▶ _Task objective_
Write out again, exactly, the lines below starting at the one with "vec_eq_iff field_simps add_eq_0_iff2)" and ending at the one with "(auto simp: indep2_iff_not_multiple)".
**** Given data
(* Let $\Lambda\subset H^0(\mathbb{P}^r,\mathcal{O}_{\mathbb{P}^r}(2))$ be a linear system of quadrics with $\dim\Lambda=\alpha+1$, let $\Phi:\mathbb{P}^r\dashrightarrow\mathbb{P}^\alpha$ be the associated rational map, and let $X$ be the base scheme of $\Lambda$. A line $L\subset\mathbb{P}^r$ with $L\cap X=\emptyset$ is such that $\Phi_{|L}:L\to\Phi(L)$ is a double covering of a line if and only if $L$ is a secant line (possibly a tangent line) to a non-linear fibre of $\Phi$.
   Context: Over $\mathbb{C}$. The fibre of $\Phi$ through a point $P\in\mathbb{P}^r\setminus X$ means $\overline{\Phi^{-1}(\Phi(P))}$, the Zariski closure; it is non-linear if it is not a linear subspace. Secant lines include tangent lines (limits with the two points coinciding). *)

theory Defs
  imports "HOL-Analysis.Analysis"
begin

text \<open>P^r is modelled by the nonzero vectors of complex^'n (CARD('n) = r+1),
  a projective point being the complex line (1-dim span) of such a vector; subsets of P^r are
  modelled as cones of nonzero vectors. P^alpha likewise with complex^'m (CARD('m) = alpha+1).\<close>

definition hom_poly :: "nat \<Rightarrow> (complex^'n \<Rightarrow> complex) \<Rightarrow> bool" where
  "hom_poly d f \<longleftrightarrow> (\<exists>S c. finite S \<and> (\<forall>e\<in>S. (\<Sum>i\<in>UNIV. e i) = d) \<and>
      (\<forall>x. f x = (\<Sum>e\<in>S. c e * (\<Prod>i\<in>UNIV. (x $ i) ^ (e i)))))"

definition zariski_closed :: "(complex^'n) set \<Rightarrow> bool" where
  "zariski_closed Z \<longleftrightarrow> (\<exists>F. (\<forall>f\<in>F. \<exists>d. hom_poly d f) \<and>
      Z = {x. x \<noteq> 0 \<and> (\<forall>f\<in>F. f x = 0)})"

definition zariski_closure :: "(complex^'n) set \<Rightarrow> (complex^'n) set" where
  "zariski_closure S = \<Inter>{Z. zariski_closed Z \<and> S \<subseteq> Z}"

definition proj_line :: "('a::field^'k) set \<Rightarrow> bool" where
  "proj_line W \<longleftrightarrow> vec.subspace W \<and> vec.dim W = 2"

definition linear_cone :: "('a::field^'k) set \<Rightarrow> bool" where
  "linear_cone F \<longleftrightarrow> vec.subspace (insert 0 F)"

text \<open>Secant lines (including tangent lines as limits) to F: L is a limit, in the Grassmannian,
  of lines joining two distinct points of F. Convergence of lines span{p_k,q_k} to span{u,v} is
  expressed by bases a_k, b_k of span{p_k,q_k} converging to a basis u, v of L.\<close>
definition secant_line :: "(complex^'n) set \<Rightarrow> (complex^'n) set \<Rightarrow> bool" where
  "secant_line F L \<longleftrightarrow> (\<exists>u v p q a b.
      L = vec.span {u, v} \<and> vec.dim L = 2 \<and>
      (\<forall>k::nat. p k \<in> F \<and> q k \<in> F \<and> vec.dim (vec.span {p k, q k}) = 2 \<and>
               a k \<in> vec.span {p k, q k} \<and> b k \<in> vec.span {p k, q k}) \<and>
      a \<longlonglongrightarrow> u \<and> b \<longlonglongrightarrow> v)"

definition Phi :: "('m::finite \<Rightarrow> complex^'n \<Rightarrow> complex) \<Rightarrow> complex^'n \<Rightarrow> complex^'m" where
  "Phi q x = (\<chi> i. q i x)"

definition base_locus :: "('m::finite \<Rightarrow> complex^'n \<Rightarrow> complex) \<Rightarrow> (complex^'n) set" where
  "base_locus q = {x. x \<noteq> 0 \<and> (\<forall>i. q i x = 0)}"

definition fibre :: "('m::finite \<Rightarrow> complex^'n \<Rightarrow> complex) \<Rightarrow> complex^'n \<Rightarrow> (complex^'n) set" where
  "fibre q P = zariski_closure
      {Q. Q \<noteq> 0 \<and> Q \<notin> base_locus q \<and> vec.span {Phi q Q} = vec.span {Phi q P}}"

text \<open>Phi restricted to the line L (with L disjoint from X) is a double covering of a line:
  the image Phi(L) is a line of P^alpha and all but finitely many points of Phi(L) have
  exactly two preimages in L (finite morphism of degree 2 between curves).\<close>
definition double_cover_of_line ::
  "('m::finite \<Rightarrow> complex^'n \<Rightarrow> complex) \<Rightarrow> (complex^'n) set \<Rightarrow> bool" where
  "double_cover_of_line q L \<longleftrightarrow>
     (let img = {vec.span {Phi q x} | x. x \<in> L \<and> x \<noteq> 0} in
      (\<exists>W. proj_line W \<and> img = {vec.span {y} | y. y \<in> W \<and> y \<noteq> 0}) \<and>
      finite {y \<in> img. card {vec.span {x} | x. x \<in> L \<and> x \<noteq> 0 \<and> vec.span {Phi q x} = y} \<noteq> 2})"

end

theory Submission
  imports Defs
begin

text \<open>On a line \<open>L = \<langle>u, v\<rangle>\<close> missing the base locus, \<open>\<Phi>(s u + t v) = s\<^sup>2 A + s t B + t\<^sup>2 C\<close>.
  If \<open>L\<close> is a limit of secants \<open>\<langle>p\<^sub>k, p\<^sub>k'\<rangle>\<close> of the fibre through \<open>P\<close>, then on each secant
  \<open>\<Phi>\<close> takes values in a plane \<open>\<langle>\<Phi>(P), B\<^sub>k\<rangle>\<close>, so \<open>A, B, C\<close> are linearly dependent in the
  limit. Then \<open>\<Phi>\<close> maps \<open>L\<close> onto a line by a pair \<open>(F, G)\<close> of binary quadratic forms without
  common zero, and the fibre over \<open>[\<alpha> : \<beta>]\<close> is the zero set of \<open>\<beta> F - \<alpha> G\<close>: two points,
  except at the zeros of its discriminant, a non-zero quadratic form in \<open>(\<alpha>, \<beta>)\<close>.
  Conversely, if \<open>\<Phi>|\<^sub>L\<close> is a double cover, a generic image point has two preimages
  \<open>x\<^sub>1, x\<^sub>2\<close>; they span \<open>L\<close> and lie in the fibre through \<open>x\<^sub>1\<close>, which cannot be linear,
  for then it would contain \<open>L\<close> and \<open>\<Phi>\<close> would contract \<open>L\<close> to a point.\<close>

section \<open>Pairs of vectors\<close>

lemma span_singleton_eq: "vec.span {x::'a::field^'k} = {c *s x | c. True}"
  by (auto simp: vec.span_singleton)

lemma span_pair_eq: "vec.span {u::'a::field^'k, v} = {s *s u + t *s v | s t. True}"
proof (intro set_eqI iffI)
  fix x assume "x \<in> vec.span {u, v}"
  then obtain s where "x - s *s u \<in> vec.span {v}" using vec.span_breakdown_eq by blast
  then obtain t where "x - s *s u = t *s v" by (auto simp: span_singleton_eq)
  then have "x = s *s u + t *s v" by (simp add: algebra_simps)
  then show "x \<in> {s *s u + t *s v | s t. True}" by blast
next
  fix x assume "x \<in> {s *s u + t *s v | s t. True}"
  then obtain s t where "x = s *s u + t *s v" by blast
  then show "x \<in> vec.span {u, v}"
    by (simp add: vec.span_add vec.span_scale vec.span_base)
qed

lemma span_pair_nonzero_cases:
  assumes "y \<in> vec.span {e1, e2}" "y \<noteq> 0"
  obtains \<alpha> \<beta> where "y = \<alpha> *s e1 + \<beta> *s e2" "(\<alpha>, \<beta>) \<noteq> (0, 0)"
proof -
  obtain \<alpha> \<beta> where y: "y = \<alpha> *s e1 + \<beta> *s e2" using assms(1) unfolding span_pair_eq by blast
  moreover have "(\<alpha>, \<beta>) \<noteq> (0, 0)" using assms(2) y by auto
  ultimately show ?thesis by (rule that)
qed

lemma span_singleton_eq_iff:
  "vec.span {x::'a::field^'k} = vec.span {y} \<longleftrightarrow> (\<exists>c. c \<noteq> 0 \<and> x = c *s y)"
proof
  assume eq: "vec.span {x} = vec.span {y}"
  have "x \<in> vec.span {y}" using vec.span_base[of x "{x}"] unfolding eq by simp
  then obtain c where c: "x = c *s y" by (auto simp: span_singleton_eq)
  show "\<exists>c. c \<noteq> 0 \<and> x = c *s y"
  proof (cases "c = 0")
    case True
    then have "vec.span {y} = {0}" using eq c by (simp add: span_singleton_eq)
    then have "y = 0" using vec.span_base[of y "{y}"] by blast
    then show ?thesis using c by (intro exI[of _ 1]) simp
  qed (use c in blast)
next
  assume "\<exists>c. c \<noteq> 0 \<and> x = c *s y"
  then obtain c where "c \<noteq> 0" "x = c *s y" by blast
  then have "x \<in> vec.span {y}" "y \<in> vec.span {x}"
    by (auto simp: span_singleton_eq intro!: exI[of _ "inverse c"])
  then show "vec.span {x} = vec.span {y}" by (simp add: vec.span_eq)
qed

text \<open>Unlike \<open>vec.independent {x, y}\<close>, this fails for \<open>x = y\<close>.\<close>
definition indep2 :: "'a::field^'k \<Rightarrow> 'a^'k \<Rightarrow> bool" where
  "indep2 x y \<longleftrightarrow> (\<forall>a b. a *s x + b *s y = 0 \<longrightarrow> a = 0 \<and> b = 0)"

lemma indep2_lincomb_eq_0_iff:
  "indep2 x y \<Longrightarrow> a *s x + b *s y = 0 \<longleftrightarrow> (a, b) = (0, 0)"
  unfolding indep2_def by auto

lemma indep2_iff_not_multiple: "indep2 x y \<longleftrightarrow> x \<noteq> 0 \<and> (\<forall>c. y \<noteq> c *s x)"
proof
  assume ind: "indep2 x y"
  have "x \<noteq> 0" using indep2_lincomb_eq_0_iff[OF ind, of 1 0] by auto
  moreover have "y \<noteq> c *s x" for c
  proof
    assume y: "y = c *s x"
    have "c *s x + (-1) *s y = 0" unfolding y by (simp add: vec_eq_iff)
    with indep2_lincomb_eq_0_iff[OF ind, of c "-1"] show False by simp
  qed
  ultimately show "x \<noteq> 0 \<and> (\<forall>c. y \<noteq> c *s x)" by blast
next
  assume x: "x \<noteq> 0 \<and> (\<forall>c. y \<noteq> c *s x)"
  show "indep2 x y" unfolding indep2_def
  proof (intro allI impI)
    fix a b assume ab: "a *s x + b *s y = 0"
    have "b = 0"
    proof (rule ccontr)
      assume "b \<noteq> 0"
      then have "y = (- a / b) *s x" using ab by (simp add: vec_eq_iff field_simps add_eq_0_iff2)
      then show False using x by blast
    qed
    then show "a = 0 \<and> b = 0" using ab x by (simp add: vec.scale_eq_0_iff)
  qed
qed

lemma indep2_iff_dim_span: "indep2 x y \<longleftrightarrow> vec.dim (vec.span {x::'a::field^'k, y}) = 2"
proof
  assume ind: "indep2 x y"
  then have "x \<noteq> 0" "y \<notin> vec.span {x}"
    by (auto simp: indep2_iff_not_multiple span_singleton_eq)
  moreover have "x \<noteq> y" using ind by (auto simp: indep2_iff_not_multiple dest: spec[of _ 1])
  ultimately have "vec.independent {y, x}" by (simp add: vec.independent_insert)
  then show "vec.dim (vec.span {x, y}) = 2"
    using \<open>x \<noteq> y\<close> by (simp add: vec.dim_eq_card_independent insert_commute)
next
  assume dim: "vec.dim (vec.span {x, y}) = 2"
  show "indep2 x y"
  proof (rule ccontr)
    assume "\<not> indep2 x y"
    then consider "x = 0" | c where "y = c *s x" by (auto simp: indep2_iff_not_multiple)
    then obtain z where "vec.span {x, y} = vec.span {z}"
    proof cases
      case 1 then show ?thesis using that[of y] by (simp add: vec.span_insert_0)
    next
      case 2
      then have "y \<in> vec.span {x}" by (auto simp: span_singleton_eq)
      then show ?thesis using that[of x] vec.span_redundant[of y "{x}"] by (simp add: insert_commute)
    qed
    then have "vec.dim (vec.span {x, y}) \<le> 1"
      using vec.dim_le_card'[of "{z}"] by (simp add: vec.dim_span)
    then show False using dim by simp
  qed
qed

lemma indep2_if_span_singleton_neq:
  assumes "x \<noteq> 0" "y \<noteq> 0" "vec.span {x} \<noteq> vec.span {y}"
  shows "indep2 x y"
  unfolding indep2_iff_not_multiple
proof (intro conjI allI notI)
  fix c assume y: "y = c *s x"
  then have "c \<noteq> 0" using assms(2) by auto
  then show False using assms(3) y span_singleton_eq_iff by blast
qed (use assms(1) in simp)

lemma indep2_coords_eq:
  assumes "indep2 e1 e2" "F *s e1 + G *s e2 = F' *s e1 + G' *s e2"
  shows "F = F' \<and> G = G'"
proof -
  have "(F - F') *s e1 + (G - G') *s e2 = 0" using assms(2) by (simp add: vec_eq_iff algebra_simps)
  then have "(F - F', G - G') = (0, 0)" by (rule iffD1[OF indep2_lincomb_eq_0_iff[OF assms(1)]])
  then show ?thesis by simp
qed

lemma indep2_span_singleton_eq_iff:
  assumes ind: "indep2 e1 e2" and FG: "(F, G) \<noteq> (0, 0)" and \<alpha>\<beta>: "(\<alpha>, \<beta>) \<noteq> (0, 0)"
  shows "vec.span {F *s e1 + G *s e2} = vec.span {\<alpha> *s e1 + \<beta> *s e2} \<longleftrightarrow> \<beta> * F = \<alpha> * G"
proof -
  have "F *s e1 + G *s e2 = c *s (\<alpha> *s e1 + \<beta> *s e2) \<longleftrightarrow> F = c * \<alpha> \<and> G = c * \<beta>" for c
    using indep2_coords_eq[OF ind, of F G "c * \<alpha>" "c * \<beta>"] by (auto simp: vec_eq_iff algebra_simps)
  moreover have "(\<exists>c. c \<noteq> 0 \<and> F = c * \<alpha> \<and> G = c * \<beta>) \<longleftrightarrow> \<beta> * F = \<alpha> * G"
  proof
    assume "\<beta> * F = \<alpha> * G"
    then have "F = (if \<alpha> = 0 then G / \<beta> else F / \<alpha>) * \<alpha> \<and> G = (if \<alpha> = 0 then G / \<beta> else F / \<alpha>) * \<beta>"
      using \<alpha>\<beta> by (auto simp: field_simps)
    moreover have "(if \<alpha> = 0 then G / \<beta> else F / \<alpha>) \<noteq> 0" using calculation FG by auto
    ultimately show "\<exists>c. c \<noteq> 0 \<and> F = c * \<alpha> \<and> G = c * \<beta>" by blast
  qed auto
  ultimately show ?thesis by (simp add: span_singleton_eq_iff)
qed

lemma indep2_span_zero_of_linear_form:
  assumes ind: "indep2 e1 e2" and "(p, r) \<noteq> (0, 0)" "(s, t) \<noteq> (0, 0)" "p * s + r * t = 0"
  shows "vec.span {s *s e1 + t *s e2} = vec.span {r *s e1 + (- p) *s e2}"
  using assms by (subst indep2_span_singleton_eq_iff) (auto simp: algebra_simps add_eq_0_iff2)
********
▶ _Task response_
      then have "y = (- a / b) *s x" using ab by (simp add: vec_eq_iff field_simps add_eq_0_iff2)
      then show False using x by blast
    qed
    then show "a = 0 \<and> b = 0" using ab x by (simp add: vec.scale_eq_0_iff)
  qed
qed

lemma indep2_iff_dim_span: "indep2 x y \<longleftrightarrow> vec.dim (vec.span {x::'a::field^'k, y}) = 2"
proof
  assume ind: "indep2 x y"
  then have "x \<noteq> 0" "y \<notin> vec.span {x}"
    by (auto simp: indep2_iff_not_multiple span_singleton_eq)
  moreover have "x \<noteq> y" using ind by (auto simp: indep2_iff_not_multiple dest: spec[of _ 1])
  ultimately have "vec.independent {y, x}" by (simp add: vec.independent_insert)
  then show "vec.dim (vec.span {x, y}) = 2"
    using \<open>x \<noteq> y\<close> by (simp add: vec.dim_eq_card_independent insert_commute)
next
  assume dim: "vec.dim (vec.span {x, y}) = 2"
  show "indep2 x y"
  proof (rule ccontr)
    assume "\<not> indep2 x y"
    then consider "x = 0" | c where "y = c *s x" by (auto simp: indep2_iff_not_multiple)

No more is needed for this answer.